◆ What is being asked ◆
Gather each line in the entries that includes the string "intro".

=-=-=-=-=

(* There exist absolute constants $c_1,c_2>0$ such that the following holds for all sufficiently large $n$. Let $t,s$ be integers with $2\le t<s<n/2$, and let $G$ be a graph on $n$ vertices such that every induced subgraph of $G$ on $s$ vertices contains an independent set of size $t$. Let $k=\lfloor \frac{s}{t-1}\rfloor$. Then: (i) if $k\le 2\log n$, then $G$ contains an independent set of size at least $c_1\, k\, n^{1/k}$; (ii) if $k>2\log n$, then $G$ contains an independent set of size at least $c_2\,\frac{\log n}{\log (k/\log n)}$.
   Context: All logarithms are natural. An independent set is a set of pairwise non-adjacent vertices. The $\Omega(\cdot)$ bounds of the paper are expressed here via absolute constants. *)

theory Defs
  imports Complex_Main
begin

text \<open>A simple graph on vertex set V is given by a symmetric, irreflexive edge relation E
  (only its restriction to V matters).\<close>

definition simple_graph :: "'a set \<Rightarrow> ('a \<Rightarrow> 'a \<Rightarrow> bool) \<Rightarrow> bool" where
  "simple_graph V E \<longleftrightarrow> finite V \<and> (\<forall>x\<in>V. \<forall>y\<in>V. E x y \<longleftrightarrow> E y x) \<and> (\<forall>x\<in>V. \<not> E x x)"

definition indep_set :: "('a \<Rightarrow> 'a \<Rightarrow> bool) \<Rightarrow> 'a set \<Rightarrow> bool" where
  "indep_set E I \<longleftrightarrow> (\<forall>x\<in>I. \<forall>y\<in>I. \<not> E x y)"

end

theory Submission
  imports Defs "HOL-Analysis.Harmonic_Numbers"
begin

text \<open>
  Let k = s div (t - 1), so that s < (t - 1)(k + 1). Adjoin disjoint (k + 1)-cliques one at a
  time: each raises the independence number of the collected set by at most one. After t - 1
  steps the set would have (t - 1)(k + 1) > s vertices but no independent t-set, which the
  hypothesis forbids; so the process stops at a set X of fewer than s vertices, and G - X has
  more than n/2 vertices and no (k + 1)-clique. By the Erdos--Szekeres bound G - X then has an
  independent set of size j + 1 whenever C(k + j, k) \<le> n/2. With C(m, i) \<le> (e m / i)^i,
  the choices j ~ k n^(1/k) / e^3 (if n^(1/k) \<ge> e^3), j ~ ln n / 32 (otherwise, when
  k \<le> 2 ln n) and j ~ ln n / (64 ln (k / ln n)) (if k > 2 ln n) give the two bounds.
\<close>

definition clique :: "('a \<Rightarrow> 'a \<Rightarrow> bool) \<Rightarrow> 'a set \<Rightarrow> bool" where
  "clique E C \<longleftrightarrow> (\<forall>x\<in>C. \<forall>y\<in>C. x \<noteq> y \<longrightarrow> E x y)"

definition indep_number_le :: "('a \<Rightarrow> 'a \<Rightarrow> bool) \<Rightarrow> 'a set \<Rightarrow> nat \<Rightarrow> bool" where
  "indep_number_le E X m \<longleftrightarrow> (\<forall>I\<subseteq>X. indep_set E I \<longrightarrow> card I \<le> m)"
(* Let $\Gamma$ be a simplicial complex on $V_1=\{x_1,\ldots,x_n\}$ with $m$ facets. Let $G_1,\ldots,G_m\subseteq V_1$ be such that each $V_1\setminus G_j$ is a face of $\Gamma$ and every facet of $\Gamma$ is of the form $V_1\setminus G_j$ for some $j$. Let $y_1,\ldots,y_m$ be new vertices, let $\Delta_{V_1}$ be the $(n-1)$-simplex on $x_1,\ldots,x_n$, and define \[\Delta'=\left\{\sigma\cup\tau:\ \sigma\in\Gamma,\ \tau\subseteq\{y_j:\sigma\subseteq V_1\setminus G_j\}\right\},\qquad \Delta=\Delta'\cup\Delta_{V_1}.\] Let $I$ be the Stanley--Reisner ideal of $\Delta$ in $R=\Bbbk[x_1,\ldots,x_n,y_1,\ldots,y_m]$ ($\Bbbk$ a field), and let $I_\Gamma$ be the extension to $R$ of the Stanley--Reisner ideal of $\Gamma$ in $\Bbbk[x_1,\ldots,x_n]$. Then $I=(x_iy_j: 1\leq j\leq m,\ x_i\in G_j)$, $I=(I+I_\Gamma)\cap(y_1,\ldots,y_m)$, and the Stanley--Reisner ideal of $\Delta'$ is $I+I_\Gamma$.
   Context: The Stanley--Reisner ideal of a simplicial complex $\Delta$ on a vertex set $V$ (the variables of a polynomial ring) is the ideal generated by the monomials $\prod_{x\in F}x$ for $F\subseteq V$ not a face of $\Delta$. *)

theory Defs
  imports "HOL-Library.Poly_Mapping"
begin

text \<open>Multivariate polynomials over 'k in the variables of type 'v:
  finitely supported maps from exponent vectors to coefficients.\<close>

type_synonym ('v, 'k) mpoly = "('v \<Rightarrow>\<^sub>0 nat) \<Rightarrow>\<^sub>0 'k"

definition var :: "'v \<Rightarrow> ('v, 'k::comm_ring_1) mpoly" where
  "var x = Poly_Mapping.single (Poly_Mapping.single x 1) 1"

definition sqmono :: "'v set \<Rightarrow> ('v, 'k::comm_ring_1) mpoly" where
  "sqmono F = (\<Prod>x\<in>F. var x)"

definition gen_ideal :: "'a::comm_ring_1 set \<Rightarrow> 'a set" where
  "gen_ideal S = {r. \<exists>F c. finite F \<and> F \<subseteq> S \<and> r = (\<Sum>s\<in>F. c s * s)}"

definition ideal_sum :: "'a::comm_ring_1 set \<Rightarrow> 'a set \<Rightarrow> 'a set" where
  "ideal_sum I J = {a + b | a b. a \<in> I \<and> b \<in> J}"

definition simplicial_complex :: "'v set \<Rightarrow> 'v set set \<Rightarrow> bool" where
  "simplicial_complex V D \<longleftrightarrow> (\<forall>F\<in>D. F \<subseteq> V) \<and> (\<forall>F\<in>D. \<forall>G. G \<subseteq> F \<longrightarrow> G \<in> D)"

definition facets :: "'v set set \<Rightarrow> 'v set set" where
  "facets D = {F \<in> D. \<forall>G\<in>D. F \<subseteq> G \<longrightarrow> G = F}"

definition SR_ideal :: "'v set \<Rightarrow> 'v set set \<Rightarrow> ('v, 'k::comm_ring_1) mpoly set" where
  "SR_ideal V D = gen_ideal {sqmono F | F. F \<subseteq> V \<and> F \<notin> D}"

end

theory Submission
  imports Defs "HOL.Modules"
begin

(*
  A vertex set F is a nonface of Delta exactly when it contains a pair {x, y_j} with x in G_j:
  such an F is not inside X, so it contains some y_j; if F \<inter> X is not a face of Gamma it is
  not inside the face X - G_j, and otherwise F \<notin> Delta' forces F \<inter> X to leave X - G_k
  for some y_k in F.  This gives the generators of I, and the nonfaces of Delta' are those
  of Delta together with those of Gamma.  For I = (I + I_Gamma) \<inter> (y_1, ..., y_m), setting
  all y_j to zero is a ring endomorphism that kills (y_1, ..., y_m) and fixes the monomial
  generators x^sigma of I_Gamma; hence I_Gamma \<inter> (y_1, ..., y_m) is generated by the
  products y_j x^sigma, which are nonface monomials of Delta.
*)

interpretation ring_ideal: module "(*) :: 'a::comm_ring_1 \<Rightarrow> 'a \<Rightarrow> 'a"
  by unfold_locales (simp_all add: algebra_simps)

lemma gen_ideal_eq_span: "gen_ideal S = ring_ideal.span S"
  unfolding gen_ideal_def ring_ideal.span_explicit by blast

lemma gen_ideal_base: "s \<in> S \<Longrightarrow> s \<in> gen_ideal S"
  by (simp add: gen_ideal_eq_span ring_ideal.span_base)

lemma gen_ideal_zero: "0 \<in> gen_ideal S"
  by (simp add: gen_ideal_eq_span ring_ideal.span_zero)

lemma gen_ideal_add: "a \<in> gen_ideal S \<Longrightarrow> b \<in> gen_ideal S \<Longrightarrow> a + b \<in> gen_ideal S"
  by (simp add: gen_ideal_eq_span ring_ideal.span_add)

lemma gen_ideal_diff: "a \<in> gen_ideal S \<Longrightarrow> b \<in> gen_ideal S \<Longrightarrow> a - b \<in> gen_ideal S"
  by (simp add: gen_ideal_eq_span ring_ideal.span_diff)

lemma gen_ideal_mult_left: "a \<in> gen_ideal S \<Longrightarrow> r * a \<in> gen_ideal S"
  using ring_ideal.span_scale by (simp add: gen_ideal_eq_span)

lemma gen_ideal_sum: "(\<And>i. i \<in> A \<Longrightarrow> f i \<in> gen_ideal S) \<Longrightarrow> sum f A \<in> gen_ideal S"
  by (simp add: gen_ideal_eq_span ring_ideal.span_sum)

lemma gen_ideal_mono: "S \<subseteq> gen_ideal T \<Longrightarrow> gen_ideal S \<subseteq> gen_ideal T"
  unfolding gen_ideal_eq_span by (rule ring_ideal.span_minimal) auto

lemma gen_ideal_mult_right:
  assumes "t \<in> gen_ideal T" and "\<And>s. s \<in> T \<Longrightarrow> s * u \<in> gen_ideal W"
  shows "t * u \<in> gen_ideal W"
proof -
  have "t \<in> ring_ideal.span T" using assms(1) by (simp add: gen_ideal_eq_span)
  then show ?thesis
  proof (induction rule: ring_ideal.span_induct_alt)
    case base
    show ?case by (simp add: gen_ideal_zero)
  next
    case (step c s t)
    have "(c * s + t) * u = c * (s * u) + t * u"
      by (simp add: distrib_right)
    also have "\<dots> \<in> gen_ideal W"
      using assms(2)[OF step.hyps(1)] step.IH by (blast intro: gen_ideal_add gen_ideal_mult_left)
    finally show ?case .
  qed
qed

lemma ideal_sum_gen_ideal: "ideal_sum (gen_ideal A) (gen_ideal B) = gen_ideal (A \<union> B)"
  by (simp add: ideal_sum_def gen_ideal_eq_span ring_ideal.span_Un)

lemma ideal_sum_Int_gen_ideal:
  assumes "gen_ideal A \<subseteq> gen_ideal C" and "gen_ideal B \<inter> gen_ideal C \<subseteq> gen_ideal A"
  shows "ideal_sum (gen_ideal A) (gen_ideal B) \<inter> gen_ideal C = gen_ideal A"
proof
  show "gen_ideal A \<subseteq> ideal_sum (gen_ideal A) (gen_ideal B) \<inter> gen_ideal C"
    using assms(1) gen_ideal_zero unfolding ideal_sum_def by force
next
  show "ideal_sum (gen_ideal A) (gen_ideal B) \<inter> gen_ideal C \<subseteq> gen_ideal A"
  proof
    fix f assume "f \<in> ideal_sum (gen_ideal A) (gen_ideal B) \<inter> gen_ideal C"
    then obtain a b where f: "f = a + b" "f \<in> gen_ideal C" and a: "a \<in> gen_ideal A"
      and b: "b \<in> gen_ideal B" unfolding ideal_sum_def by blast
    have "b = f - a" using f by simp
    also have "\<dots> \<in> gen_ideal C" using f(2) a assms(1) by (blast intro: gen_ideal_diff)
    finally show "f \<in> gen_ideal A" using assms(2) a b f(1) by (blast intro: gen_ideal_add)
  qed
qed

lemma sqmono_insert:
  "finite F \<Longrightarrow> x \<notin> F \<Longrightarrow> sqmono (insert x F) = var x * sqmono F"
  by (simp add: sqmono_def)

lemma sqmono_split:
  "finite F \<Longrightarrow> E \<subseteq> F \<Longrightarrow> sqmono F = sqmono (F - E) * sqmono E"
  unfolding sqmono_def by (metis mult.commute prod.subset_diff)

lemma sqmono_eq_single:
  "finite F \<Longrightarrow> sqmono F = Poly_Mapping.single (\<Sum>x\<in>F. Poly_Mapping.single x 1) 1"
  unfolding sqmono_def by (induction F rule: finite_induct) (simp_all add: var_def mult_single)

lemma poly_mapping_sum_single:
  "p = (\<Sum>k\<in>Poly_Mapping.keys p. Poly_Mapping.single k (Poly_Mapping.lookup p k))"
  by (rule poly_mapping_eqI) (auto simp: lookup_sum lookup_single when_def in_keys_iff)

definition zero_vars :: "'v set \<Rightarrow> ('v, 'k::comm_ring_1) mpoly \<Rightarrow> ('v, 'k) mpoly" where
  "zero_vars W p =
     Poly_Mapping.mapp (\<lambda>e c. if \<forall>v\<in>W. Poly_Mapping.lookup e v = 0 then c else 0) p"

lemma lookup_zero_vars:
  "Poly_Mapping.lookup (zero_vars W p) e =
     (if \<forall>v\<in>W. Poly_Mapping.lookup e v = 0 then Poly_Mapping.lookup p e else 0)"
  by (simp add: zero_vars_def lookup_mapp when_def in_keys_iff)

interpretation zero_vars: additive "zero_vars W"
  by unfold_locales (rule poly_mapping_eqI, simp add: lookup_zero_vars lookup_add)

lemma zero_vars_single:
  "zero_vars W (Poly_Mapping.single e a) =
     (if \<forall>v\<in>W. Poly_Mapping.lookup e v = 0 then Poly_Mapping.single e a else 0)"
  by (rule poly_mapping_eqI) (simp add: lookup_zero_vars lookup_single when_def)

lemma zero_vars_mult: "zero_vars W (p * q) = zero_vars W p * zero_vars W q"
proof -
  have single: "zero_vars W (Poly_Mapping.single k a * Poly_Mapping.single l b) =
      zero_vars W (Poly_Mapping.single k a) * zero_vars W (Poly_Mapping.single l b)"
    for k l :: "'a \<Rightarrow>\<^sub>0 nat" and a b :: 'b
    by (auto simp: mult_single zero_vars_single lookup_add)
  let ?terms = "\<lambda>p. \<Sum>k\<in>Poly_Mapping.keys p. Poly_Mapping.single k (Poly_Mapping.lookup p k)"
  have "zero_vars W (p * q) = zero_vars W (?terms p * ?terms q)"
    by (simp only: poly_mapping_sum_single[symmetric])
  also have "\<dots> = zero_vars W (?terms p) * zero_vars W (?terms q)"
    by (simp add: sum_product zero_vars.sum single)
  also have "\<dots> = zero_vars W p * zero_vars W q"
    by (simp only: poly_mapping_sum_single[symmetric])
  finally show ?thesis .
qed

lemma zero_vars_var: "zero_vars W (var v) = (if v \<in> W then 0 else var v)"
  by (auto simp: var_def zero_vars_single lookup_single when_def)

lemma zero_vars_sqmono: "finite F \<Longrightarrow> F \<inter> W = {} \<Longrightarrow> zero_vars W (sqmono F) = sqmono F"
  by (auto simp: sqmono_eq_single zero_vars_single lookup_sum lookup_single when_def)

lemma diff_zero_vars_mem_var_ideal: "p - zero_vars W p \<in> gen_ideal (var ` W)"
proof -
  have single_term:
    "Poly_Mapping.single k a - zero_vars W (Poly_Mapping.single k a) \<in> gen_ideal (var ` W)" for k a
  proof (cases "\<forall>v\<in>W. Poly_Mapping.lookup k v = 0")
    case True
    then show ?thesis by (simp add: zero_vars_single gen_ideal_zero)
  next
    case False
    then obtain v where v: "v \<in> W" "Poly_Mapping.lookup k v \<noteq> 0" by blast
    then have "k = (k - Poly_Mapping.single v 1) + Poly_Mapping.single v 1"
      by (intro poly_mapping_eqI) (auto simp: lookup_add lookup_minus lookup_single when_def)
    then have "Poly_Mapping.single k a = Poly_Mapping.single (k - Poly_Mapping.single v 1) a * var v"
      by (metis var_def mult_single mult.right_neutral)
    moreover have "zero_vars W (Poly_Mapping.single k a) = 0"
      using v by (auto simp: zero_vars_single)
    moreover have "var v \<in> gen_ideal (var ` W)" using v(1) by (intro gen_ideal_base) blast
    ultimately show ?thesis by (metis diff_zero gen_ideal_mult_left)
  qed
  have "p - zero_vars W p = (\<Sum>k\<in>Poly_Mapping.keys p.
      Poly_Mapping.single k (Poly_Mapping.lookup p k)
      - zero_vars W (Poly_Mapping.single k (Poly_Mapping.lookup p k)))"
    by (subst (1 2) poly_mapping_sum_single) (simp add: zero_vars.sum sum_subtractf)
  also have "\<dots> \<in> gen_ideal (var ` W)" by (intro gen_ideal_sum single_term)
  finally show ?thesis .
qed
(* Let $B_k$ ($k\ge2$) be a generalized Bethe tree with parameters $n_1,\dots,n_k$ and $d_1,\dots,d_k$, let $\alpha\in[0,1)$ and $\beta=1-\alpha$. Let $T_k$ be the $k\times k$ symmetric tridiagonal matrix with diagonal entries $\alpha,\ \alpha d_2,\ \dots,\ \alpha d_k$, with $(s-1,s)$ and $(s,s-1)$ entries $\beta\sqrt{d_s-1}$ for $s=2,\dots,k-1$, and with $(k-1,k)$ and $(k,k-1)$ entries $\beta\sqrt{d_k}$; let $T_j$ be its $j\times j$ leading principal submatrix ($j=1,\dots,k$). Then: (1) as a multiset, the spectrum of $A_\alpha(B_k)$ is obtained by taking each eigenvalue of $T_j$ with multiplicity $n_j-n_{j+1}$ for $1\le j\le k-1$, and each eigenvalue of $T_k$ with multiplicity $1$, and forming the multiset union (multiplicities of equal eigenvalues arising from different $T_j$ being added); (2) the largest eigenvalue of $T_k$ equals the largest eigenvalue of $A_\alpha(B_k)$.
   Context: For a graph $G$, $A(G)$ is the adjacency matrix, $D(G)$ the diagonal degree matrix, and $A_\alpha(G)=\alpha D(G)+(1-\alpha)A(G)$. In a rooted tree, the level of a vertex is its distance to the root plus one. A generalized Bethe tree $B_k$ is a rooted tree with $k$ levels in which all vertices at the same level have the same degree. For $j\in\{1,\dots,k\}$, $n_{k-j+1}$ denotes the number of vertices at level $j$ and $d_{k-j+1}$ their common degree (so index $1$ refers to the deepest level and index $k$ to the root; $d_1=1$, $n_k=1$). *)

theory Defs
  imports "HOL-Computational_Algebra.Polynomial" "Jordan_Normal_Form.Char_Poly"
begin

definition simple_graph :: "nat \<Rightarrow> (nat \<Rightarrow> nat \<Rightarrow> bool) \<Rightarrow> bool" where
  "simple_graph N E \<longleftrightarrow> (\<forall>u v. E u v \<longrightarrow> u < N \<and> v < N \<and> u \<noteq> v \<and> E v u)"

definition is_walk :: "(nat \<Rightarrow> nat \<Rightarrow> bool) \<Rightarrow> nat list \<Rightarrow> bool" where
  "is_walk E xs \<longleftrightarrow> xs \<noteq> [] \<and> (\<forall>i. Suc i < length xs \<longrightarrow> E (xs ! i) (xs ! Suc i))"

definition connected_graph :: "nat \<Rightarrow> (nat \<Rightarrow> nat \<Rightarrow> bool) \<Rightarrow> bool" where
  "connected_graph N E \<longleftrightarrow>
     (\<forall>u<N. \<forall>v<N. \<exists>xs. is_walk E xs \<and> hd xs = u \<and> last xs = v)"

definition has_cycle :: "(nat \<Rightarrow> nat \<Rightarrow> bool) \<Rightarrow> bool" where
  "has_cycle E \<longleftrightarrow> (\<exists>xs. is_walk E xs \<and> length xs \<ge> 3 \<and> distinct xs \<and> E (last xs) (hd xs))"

=-=-=-=-=

◆ Response ◆
      using assms(2)[OF step.hyps(1)] step.IH by (blast intro: gen_ideal_add gen_ideal_mult_left)
    also have "\<dots> \<in> gen_ideal C" using f(2) a assms(1) by (blast intro: gen_ideal_diff)
    finally show "f \<in> gen_ideal A" using assms(2) a b f(1) by (blast intro: gen_ideal_add)
      by (intro poly_mapping_eqI) (auto simp: lookup_add lookup_minus lookup_single when_def)
    moreover have "var v \<in> gen_ideal (var ` W)" using v(1) by (intro gen_ideal_base) blast
  also have "\<dots> \<in> gen_ideal (var ` W)" by (intro gen_ideal_sum single_term)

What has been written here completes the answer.